Pertama, zona utama, yakni zina. Memasukkan zakar ke dalam vagina wanita bukan mahram (istri atau budak wanita). Kemudian zona satu, zona yang terdekat dengan zina, seperti mengesek-esek, tindakan seksual tanpa memasukkan penis ke dalam vagina. Zona dua, seperti berciuman, meremas dan sebangsanya. Ketiga, berduaan, saling bertukar pandangan dan sebangsanya. Zona berikutnya bisa seperti chatting seksual lewat media sosial, video call, dan lain-lain.

Pesan ayat ini berbentuk larangan berjarak, “wa la taqrabu”, jangan mendekat. Tujuannya agar orang beriman jauh-jauh sudah terhindar dan selamat. Sebab zina itu adiktif dan nagihi, membuat orang keenakan dan ketagihan, ingin lagi dan ingin lagi. Untuk itu, disteril jauh-jauh. Kayak rokok, minuman keras, pil koplo dll. Lihat, betapa susahnya perokok menghentikan kebiasaan buruknya. Kehebatan rokok, hingga sekelas kiai, profesor dan guru besar, akal sehatnya kalah dengan nafsunya, meski kenafsuannya itu sering dibungkus dengan dalil dan argumentasi.
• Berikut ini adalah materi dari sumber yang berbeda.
lemma log_norm_pmap_upper_bound:
  assumes "\<forall>k. is_mpoly (P k)"
  obtains b
    where "\<forall>\<^sub>F z in at_infinity. log_norm_pmap P z \<le> ereal (real (pmap_deg P) * ln (norm z) + b)"
proof -
  obtain C where C: "0 < C" "\<And>z. 1 \<le> norm z \<Longrightarrow> norm (pmap_eval P z) \<le> C * norm z ^ pmap_deg P"
    using norm_pmap_eval_le[OF assms] by blast
  have "log_norm_pmap P z \<le> ereal (real (pmap_deg P) * ln (norm z) + ln C)" if z: "1 < norm z" for z
  proof (cases "pmap_eval P z = 0")
    case False
    have "0 < norm z"
      using z by linarith
    with False C z have "ln (norm (pmap_eval P z)) \<le> ln (C * norm z ^ pmap_deg P)"
      by (subst ln_le_cancel_iff) auto
    also have "\<dots> = real (pmap_deg P) * ln (norm z) + ln C"
      using C \<open>0 < norm z\<close> by (simp add: ln_mult ln_realpow)
    finally show ?thesis
      using False by (simp add: log_norm_pmap_def)
  qed (simp add: log_norm_pmap_def)
  then have "\<forall>\<^sub>F z in at_infinity.
      log_norm_pmap P z \<le> ereal (real (pmap_deg P) * ln (norm z) + ln C)"
    using eventually_norm_gt_at_infinity[of 1] by (auto elim: eventually_mono)
  then show ?thesis
    by (rule that)
qed

lemma log_norm_pmap_lower_bound:
  assumes "ereal l < lojasiewicz_inf P"
  obtains b where "\<forall>\<^sub>F z in at_infinity. ereal (l * ln (norm z) + b) \<le> log_norm_pmap P z"
proof -
  obtain l' C where l': "l < l'" "0 < C"
    and ge: "\<forall>\<^sub>F z in at_infinity. C * norm z powr l' \<le> norm (pmap_eval P z)"
    using assms unfolding lojasiewicz_inf_def less_Sup_iff by auto
  have "\<forall>\<^sub>F z in at_infinity. ereal (l * ln (norm z) + ln C) \<le> log_norm_pmap P z"
    using ge eventually_norm_gt_at_infinity[of 1]
  proof eventually_elim
    case (elim z)
    then have "0 < norm z"
      by linarith
    with elim l' have pos: "0 < C * norm z powr l'" "0 < ln (norm z)"
      by (simp_all add: ln_gt_zero)
    have "l * ln (norm z) + ln C \<le> l' * ln (norm z) + ln C"
      using l' pos by (intro add_right_mono mult_right_mono) auto
    also have "\<dots> = ln (C * norm z powr l')"
      using l' \<open>0 < norm z\<close> by (simp add: ln_mult)
    also have "\<dots> \<le> ln (norm (pmap_eval P z))"
      using elim pos by (subst ln_le_cancel_iff) auto
    finally show ?case
      using elim pos by (auto simp: log_norm_pmap_def)
  qed
  then show ?thesis
    by (rule that)
qed

lemma lojasiewicz_inf_nonneg:
  assumes "\<forall>\<^sub>F z in at_infinity. 1 \<le> norm (pmap_eval P z)"
  shows "0 \<le> lojasiewicz_inf P"
proof -
  have "\<forall>\<^sub>F z in at_infinity. 1 * norm z powr 0 \<le> norm (pmap_eval P z)"
    using assms by (auto elim!: eventually_mono)
  then have "ereal 0 \<in> {ereal l | l. \<exists>C>0.
      \<forall>\<^sub>F z in at_infinity. C * norm z powr l \<le> norm (pmap_eval P z)}"
    using zero_less_one by blast
  then show ?thesis
    unfolding lojasiewicz_inf_def zero_ereal_def by (rule Sup_upper)
qed

lemma n_over_deg_le_c_inf_log_norm_pmap:
  fixes P :: "'q::finite \<Rightarrow> ('n::finite \<Rightarrow> nat) \<Rightarrow> complex"
  assumes "\<forall>k. is_mpoly (P k)"
  shows "ereal (real CARD('n) / real (pmap_deg P)) \<le> c_inf (log_norm_pmap P)"
proof -
  obtain b where b: "\<forall>\<^sub>F z in at_infinity.
      log_norm_pmap P z \<le> ereal (real (pmap_deg P) * ln (norm z) + b)"
    using assms by (rule log_norm_pmap_upper_bound)
  have "\<forall>\<^sub>F z in at_infinity. log_norm_pmap P z \<le> ereal (s * ln (norm z) + b)"
    if "real (pmap_deg P) < s" for s
    using b eventually_norm_gt_at_infinity[of 1]
  proof eventually_elim
    case (elim z)
    then have "real (pmap_deg P) * ln (norm z) \<le> s * ln (norm z)"
      using that by (intro mult_right_mono) auto
    with elim(1) show ?case
      by (simp add: order.trans)
  qed
  then have "n_over CARD('n) (ereal (real (pmap_deg P))) \<le> c_inf (log_norm_pmap P)"
    by (intro n_over_le_c_inf) auto
  then show ?thesis
    \<comment> \<open>for \<open>pmap_deg P = 0\<close> the left-hand side is the junk value \<open>n / 0 = 0\<close>\<close>
    by (cases "pmap_deg P = 0") (auto simp: n_over_def)
qed

lemma c_inf_log_norm_pmap_le_n_over_lojasiewicz_inf:
  fixes P :: "'q::finite \<Rightarrow> ('n::finite \<Rightarrow> nat) \<Rightarrow> complex"
  assumes "log_norm_pmap P \<in> LPSH_star"
  shows "c_inf (log_norm_pmap P) \<le> n_over CARD('n) (lojasiewicz_inf P)"
proof (rule c_inf_le_n_over)
  have "\<forall>\<^sub>F z in at_infinity. 1 \<le> norm (pmap_eval P z)"
    using LPSH_star_eventually_pos[OF assms]
  proof eventually_elim
    case (elim z)
    then have "pmap_eval P z \<noteq> 0" "0 < ln (norm (pmap_eval P z))"
      by (auto simp: log_norm_pmap_def split: if_splits)
    then show ?case
      by simp
  qed
  then show "0 \<le> lojasiewicz_inf P"
    by (rule lojasiewicz_inf_nonneg)
  show "log_norm_pmap P z \<noteq> \<infinity>" for z
    by (simp add: log_norm_pmap_def)
  show "\<exists>b. \<forall>\<^sub>F z in at_infinity. ereal (l * ln (norm z) + b) \<le> log_norm_pmap P z"
    if "ereal l < lojasiewicz_inf P" for l
    using log_norm_pmap_lower_bound[OF that] by blast
qed
(* Let $F=(n_F)_{n\ge0}$ be the sequence of natural numbers, $n_F=n$ for $n\ge1$. Then for all integers $k,n$ with $0\le k<n$, the layer $\langle\Phi_{k+1}\to\Phi_n\rangle$ of the cobweb poset of $F$ (which has $m=n-k$ levels) admits at least one tiling by blocks of type $\sigma P_m$.
   Context: Notation: $n_F\equiv F_n$. For a sequence $F=(n_F)_{n\ge0}$ of nonnegative integers, the cobweb poset of $F$ has, for each $s\ge1$, a level $\Phi_s$ consisting of $s_F$ distinct vertices (levels pairwise disjoint), plus a root level $\Phi_0$ with one vertex; for $x\in\Phi_i$, $y\in\Phi_j$ one has $x<y$ iff $i<j$. For $1\le a\le b$, the layer $\langle\Phi_a\to\Phi_b\rangle$ is the subposet on $\Phi_a\cup\dots\cup\Phi_b$; it has $m=b-a+1$ levels, and its maximal chains are exactly the tuples $(x_a,\dots,x_b)$ with $x_j\in\Phi_j$, i.e. the set $\Phi_a\times\dots\times\Phi_b$. For a permutation $\sigma$ of $\{1,\dots,m\}$, a block of type $\sigma P_m$ in this layer is the subposet induced on $V_a\cup\dots\cup V_b$ where $V_{a-1+i}\subseteq\Phi_{a-1+i}$ and $|V_{a-1+i}|=\sigma(i)_F$ for $i=1,\dots,m$ (a copy of the prime cobweb poset $P_m$, whose levels have sizes $1_F,\dots,m_F$, with its levels permuted by $\sigma$); its maximal chains form the set $V_a\times\dots\times V_b$. A tiling of the layer by blocks of type $\sigma P_m$ is a finite family of such blocks ($\sigma$ may vary from block to block) that are pairwise max-disjoint (no two share a maximal chain) and together contain every maximal chain of the layer; equivalently, the sets $V_a\times\dots\times V_b$ of the blocks partition $\Phi_a\times\dots\times\Phi_b$. *)

theory Defs
  imports "HOL-Library.FuncSet"
begin

text \<open>Cobweb poset of a sequence F: level s (s \<ge> 1) is modelled as the vertex set
  {0..<F s}, tagged implicitly by its level index s. Maximal chains of the layer
  from level a to level b are the tuples x with x j in level j, i.e. the
  extensional functions in PiE {a..b} (cobweb_level F).\<close>

definition cobweb_level :: "(nat \<Rightarrow> nat) \<Rightarrow> nat \<Rightarrow> nat set" where
  "cobweb_level F s = {0..<F s}"

definition layer_chains :: "(nat \<Rightarrow> nat) \<Rightarrow> nat \<Rightarrow> nat \<Rightarrow> (nat \<Rightarrow> nat) set" where
  "layer_chains F a b = PiE {a..b} (cobweb_level F)"

definition is_block :: "(nat \<Rightarrow> nat) \<Rightarrow> nat \<Rightarrow> nat \<Rightarrow> (nat \<Rightarrow> nat set) \<Rightarrow> bool" where
  "is_block F a b V \<longleftrightarrow>
     (\<forall>j\<in>{a..b}. V j \<subseteq> cobweb_level F j) \<and>
     (\<forall>j. j \<notin> {a..b} \<longrightarrow> V j = {}) \<and>
     (\<exists>\<sigma>. bij_betw \<sigma> {1..b-a+1} {1..b-a+1} \<and>
          (\<forall>i\<in>{1..b-a+1}. card (V (a - 1 + i)) = F (\<sigma> i)))"

definition block_chains :: "nat \<Rightarrow> nat \<Rightarrow> (nat \<Rightarrow> nat set) \<Rightarrow> (nat \<Rightarrow> nat) set" where
  "block_chains a b V = PiE {a..b} V"

definition is_tiling :: "(nat \<Rightarrow> nat) \<Rightarrow> nat \<Rightarrow> nat \<Rightarrow> (nat \<Rightarrow> nat set) set \<Rightarrow> bool" where
  "is_tiling F a b T \<longleftrightarrow>
     finite T \<and>
     (\<forall>V\<in>T. is_block F a b V) \<and>
     (\<forall>V\<in>T. \<forall>W\<in>T. V \<noteq> W \<longrightarrow> block_chains a b V \<inter> block_chains a b W = {}) \<and>
     (\<Union>V\<in>T. block_chains a b V) = layer_chains F a b"

end

theory Submission
  imports Defs
begin

(* Work with a general layer: an index set I of levels and a
   family L of level sets, whose maximal chains are PiE I L.  A prime block is a
   subfamily V of L whose level sizes are a permutation of 1..|I|.  We show:
   if the level sizes of L are a permutation of k+1..n, the layer can be tiled by
   prime blocks.  Induction on n, the largest level size: if k = 0 the layer is
   itself a prime block.  Otherwise split the largest level L p into a part A of
   size |I| and a rest B of size k.  The chains through A are tiled by tiling the
   layer I - {p} (sizes k+1..n-1) and adjoining A as the top level of every block;
   the chains through B form a layer with sizes k..n-1.  Both are handled by the
   induction hypothesis, and the two tilings are disjoint because they use
   disjoint parts of level p.  Finally, prime blocks of the layer {k+1..n} of the
   cobweb poset of the natural numbers are exactly blocks of type sigma P_m. *)

definition prime_block :: "nat set \<Rightarrow> (nat \<Rightarrow> nat set) \<Rightarrow> (nat \<Rightarrow> nat set) \<Rightarrow> bool" where
  "prime_block I L V \<longleftrightarrow> (\<forall>j\<in>I. V j \<subseteq> L j) \<and> (\<forall>j. j \<notin> I \<longrightarrow> V j = {}) \<and>
     bij_betw (\<lambda>j. card (V j)) I {1..card I}"

definition tiles :: "nat set \<Rightarrow> (nat \<Rightarrow> nat set) \<Rightarrow> (nat \<Rightarrow> nat set) set \<Rightarrow> bool" where
  "tiles I L T \<longleftrightarrow> finite T \<and> (\<forall>V\<in>T. prime_block I L V) \<and>
     (\<forall>V\<in>T. \<forall>W\<in>T. V \<noteq> W \<longrightarrow> PiE I V \<inter> PiE I W = {}) \<and>
     (\<Union>V\<in>T. PiE I V) = PiE I L"

lemma PiE_fun_upd_iff:
  assumes "p \<in> I"
  shows "x \<in> PiE I (L(p:=S)) \<longleftrightarrow> x \<in> extensional I \<and> x p \<in> S \<and> (\<forall>i\<in>I-{p}. x i \<in> L i)"
  using assms unfolding PiE_iff by (auto split: if_splits)

lemma tiles_singleton:
  assumes "bij_betw (\<lambda>j. card (L j)) I {1..card I}"
  shows "tiles I L {\<lambda>j. if j \<in> I then L j else {}}"
proof -
  have "bij_betw (\<lambda>j. card (if j \<in> I then L j else {})) I {1..card I}"
    using assms by (rule bij_betw_cong[THEN iffD1, rotated]) auto
  moreover have "PiE I (\<lambda>j. if j \<in> I then L j else {}) = PiE I L"
    by (rule PiE_cong) auto
  ultimately show ?thesis unfolding tiles_def prime_block_def by auto
qed

lemma tiles_Un_level:
  assumes tA: "tiles I (L(p:=A)) TA" and tB: "tiles I (L(p:=B)) TB"
    and p: "p \<in> I" and disj: "A \<inter> B = {}"
  shows "tiles I (L(p:=A\<union>B)) (TA \<union> TB)"
proof -
  have blockA: "prime_block I (L(p:=A)) V" if "V \<in> TA" for V
    using tA that unfolding tiles_def by auto
  have blockB: "prime_block I (L(p:=B)) W" if "W \<in> TB" for W
    using tB that unfolding tiles_def by auto
  have blocks: "prime_block I (L(p:=A\<union>B)) V" if "V \<in> TA \<union> TB" for V
  proof (cases "V \<in> TA")
    case True
    then show ?thesis using blockA unfolding prime_block_def by (fastforce split: if_splits)
  next
    case False
    then show ?thesis using that blockB unfolding prime_block_def by (fastforce split: if_splits)
  qed
  have cross: "PiE I V \<inter> PiE I W = {}" if "V \<in> TA" "W \<in> TB" for V W
  proof -
    have "V p \<subseteq> A" "W p \<subseteq> B"
      using blockA[OF that(1)] blockB[OF that(2)] p unfolding prime_block_def by force+
    then show ?thesis using disj p by (auto simp: PiE_iff) blast
  qed
  have "PiE I (L(p:=A\<union>B)) = PiE I (L(p:=A)) \<union> PiE I (L(p:=B))"
    by (rule set_eqI) (simp only: Un_iff PiE_fun_upd_iff[OF p], blast)
  moreover have "\<forall>V\<in>TA \<union> TB. \<forall>W\<in>TA \<union> TB. V \<noteq> W \<longrightarrow> PiE I V \<inter> PiE I W = {}"
    using tA tB cross unfolding tiles_def by (metis Int_commute Un_iff)
  ultimately show ?thesis
    using blocks tA tB unfolding tiles_def by auto
qed

lemma level_sizes_fun_upd:
  assumes "bij_betw (\<lambda>j. card (L j)) (I - {p}) S" and "p \<in> I" and "card A \<notin> S"
  shows "bij_betw (\<lambda>j. card ((L(p:=A)) j)) I (insert (card A) S)"
proof -
  have "bij_betw (\<lambda>j. card ((L(p:=A)) j)) (I - {p}) S"
    using assms(1) by (rule bij_betw_cong[THEN iffD1, rotated]) auto
  then have "bij_betw (\<lambda>j. card ((L(p:=A)) j)) ((I - {p}) \<union> {p}) (S \<union> {card A})"
    using notIn_Un_bij_betw3[of p "I - {p}" _ S] assms(3) by auto
  moreover have "(I - {p}) \<union> {p} = I" using assms(2) by auto
  ultimately show ?thesis by simp
qed

lemma PiE_insert_restrict:
  assumes "p \<notin> I"
  shows "x \<in> PiE (insert p I) (V(p:=A)) \<longleftrightarrow> x p \<in> A \<and> x(p:=undefined) \<in> PiE I V"
  using assms by (auto simp: PiE_iff extensional_def split: if_splits)

lemma tiles_insert_level:
  assumes t: "tiles I L T" and p: "p \<notin> I" and fin: "finite I"
    and cA: "card A = Suc (card I)"
  shows "tiles (insert p I) (L(p:=A)) ((\<lambda>V. V(p:=A)) ` T)"
proof -
  have block: "prime_block (insert p I) (L(p:=A)) (V(p:=A))" if "V \<in> T" for V
  proof -
    have V: "prime_block I L V" using t that unfolding tiles_def by auto
    then have "bij_betw (\<lambda>j. card (V j)) (insert p I - {p}) {1..card I}"
      using p unfolding prime_block_def by simp
    from level_sizes_fun_upd[OF this insertI1, of A]
    have "bij_betw (\<lambda>j. card ((V(p:=A)) j)) (insert p I) (insert (Suc (card I)) {1..card I})"
      using cA by simp
    moreover have "insert (Suc (card I)) {1..card I} = {1..Suc (card I)}" by auto
    ultimately show ?thesis using V p fin unfolding prime_block_def by auto
  qed
  have disjoint: "PiE (insert p I) (V(p:=A)) \<inter> PiE (insert p I) (W(p:=A)) = {}"
    if "V \<in> T" "W \<in> T" "V(p:=A) \<noteq> W(p:=A)" for V W
  proof -
    have "V \<noteq> W" using that by auto
    then have "PiE I V \<inter> PiE I W = {}" using t that unfolding tiles_def by blast
    then show ?thesis by (auto simp: PiE_insert_restrict[OF p]) blast
  qed
  have "(\<Union>V\<in>T. PiE (insert p I) (V(p:=A))) = PiE (insert p I) (L(p:=A))"
  proof (rule set_eqI)
    fix x
    have "(\<exists>V\<in>T. x(p:=undefined) \<in> PiE I V) \<longleftrightarrow> x(p:=undefined) \<in> PiE I L"
      using t unfolding tiles_def by blast
    then show "x \<in> (\<Union>V\<in>T. PiE (insert p I) (V(p:=A))) \<longleftrightarrow> x \<in> PiE (insert p I) (L(p:=A))"
      by (auto simp: PiE_insert_restrict[OF p])
  qed
  then show ?thesis using t block disjoint unfolding tiles_def by auto
qed

lemma tiles_exist:
  assumes "bij_betw (\<lambda>j. card (L j)) I {k+1..n}"
  shows "\<exists>T. tiles I L T"
  using assms
proof (induction n arbitrary: k I L)
  case 0
  then have "I = {}" by (simp add: bij_betw_def)
  then show ?case using tiles_singleton[of L I] by (auto simp: bij_betw_def)
next
  case (Suc n)
  let ?c = "\<lambda>j. card (L j)"
  have finI: "finite I" using Suc.prems bij_betw_finite by blast
  have cardI: "card I = Suc n - k" using bij_betw_same_card[OF Suc.prems] by simp
  show ?case
  proof (cases "k = 0 \<or> I = {}")
    case True
    then have "bij_betw ?c I {1..card I}" using Suc.prems cardI by (auto simp: bij_betw_def)
    then show ?thesis using tiles_singleton by blast
  next
    case False
    then obtain k' where k: "k = Suc k'" "k < Suc n" using cardI finI card_gt_0_iff[of I] by (cases k) auto
    have "Suc n \<in> ?c ` I" using Suc.prems k(2) unfolding bij_betw_def by simp
    then obtain p where p: "p \<in> I" "card (L p) = Suc n" by auto
    then have finLp: "finite (L p)" by (metis card.infinite nat.distinct(1))
    obtain A where A: "A \<subseteq> L p" "card A = card I"
      using obtain_subset_with_card_n[of "card I" "L p"] p cardI by auto
    define B where "B = L p - A"
    have cardB: "card B = k" unfolding B_def using A finLp p cardI k by (simp add: card_Diff_subset finite_subset)
    have rest: "bij_betw ?c (I - {p}) {k+1..n}"
      using bij_betw_DiffI[OF Suc.prems, of "{p}" "{Suc n}"] p k(2) by (auto simp: bij_betw_def)
    obtain T1 where "tiles (I - {p}) L T1" using Suc.IH[OF rest] by blast
    moreover have "card A = Suc (card (I - {p}))"
      using A finI p cardI k(2) by (simp add: card_Diff_singleton)
    ultimately have "tiles (insert p (I - {p})) (L(p:=A)) ((\<lambda>V. V(p:=A)) ` T1)"
      using tiles_insert_level finI by blast
    then have tA: "tiles I (L(p:=A)) ((\<lambda>V. V(p:=A)) ` T1)"
      using p by (simp add: insert_absorb)
    have "bij_betw (\<lambda>j. card ((L(p:=B)) j)) I (insert k {k+1..n})"
      using level_sizes_fun_upd[OF rest p(1), of B] cardB by simp
    moreover have "insert k {k+1..n} = {k'+1..n}" using k by auto
    ultimately have "bij_betw (\<lambda>j. card ((L(p:=B)) j)) I {k'+1..n}" by simp
    then obtain T2 where tB: "tiles I (L(p:=B)) T2" using Suc.IH by blast
    have "tiles I (L(p:=A\<union>B)) (((\<lambda>V. V(p:=A)) ` T1) \<union> T2)"
      using tiles_Un_level[OF tA tB p(1)] by (auto simp: B_def)
    moreover have "L(p:=A\<union>B) = L" using A unfolding B_def by (simp add: Un_absorb1)
    ultimately show ?thesis by auto
  qed
qed

text \<open>For the natural-number sequence, a prime block of the layer \<open>{a..b}\<close> (with
  \<open>a \<ge> 1\<close>) is a block of type \<open>\<sigma>P_m\<close>: take \<open>\<sigma> i = |V (a-1+i)|\<close>.\<close>

lemma prime_block_is_block:
  assumes "prime_block {a..b} (cobweb_level (\<lambda>s. s)) V" and "1 \<le> a" "a \<le> b"
  shows "is_block (\<lambda>s. s) a b V"
proof -
  have m: "card {a..b} = b - a + 1" using assms by simp
  have shift: "bij_betw (\<lambda>i. a - 1 + i) {1..b-a+1} {a..b}"
  proof -
    have "x \<in> (\<lambda>i. a - 1 + i) ` {1..b-a+1}" if "x \<in> {a..b}" for x
      using that assms by (intro image_eqI[of _ _ "x - (a - 1)"]) auto
    then show ?thesis using assms by (auto simp: bij_betw_def inj_on_def)
  qed
  have "bij_betw (\<lambda>j. card (V j)) {a..b} {1..b-a+1}"
    using assms(1) m unfolding prime_block_def by simp
  from bij_betw_trans[OF shift this]
  have "bij_betw (\<lambda>i. card (V (a - 1 + i))) {1..b-a+1} {1..b-a+1}" by (simp add: comp_def)
  then show ?thesis using assms(1) unfolding is_block_def prime_block_def by auto
qed

theorem theorem1:
  fixes k n :: nat
  assumes "k < n"
  shows "\<exists>T. is_tiling (\<lambda>s. s) (k + 1) n T"
proof -
  let ?L = "cobweb_level (\<lambda>s. s)"
  have "bij_betw (\<lambda>j. card (?L j)) {k+1..n} {k+1..n}"
    by (simp add: cobweb_level_def bij_betw_def inj_on_def)
  then obtain T where T: "tiles {k+1..n} ?L T" using tiles_exist by blast
  then have "\<forall>V\<in>T. is_block (\<lambda>s. s) (k+1) n V"
    using prime_block_is_block assms unfolding tiles_def by auto
  then have "is_tiling (\<lambda>s. s) (k + 1) n T"
    using T unfolding is_tiling_def tiles_def block_chains_def layer_chains_def by auto
  then show ?thesis by blast
qed

end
Yang logis adalah zina itu ibarat api. Jangan mendekat, panas, dan membahayakan. Jika anda masuk ke dalamnya, pastilah keadaan makin bertambah buruk, terbakar dan binasa. Bukan bahasa plesetan yang menyesatkan, bahwa zina itu kayak kereta api. Anda mendekat bisa keserempet dan tewas. Tapi jika anda naik langsung di dalamnya, maka akan uenak tenan. Na’udzu billah minaz zina.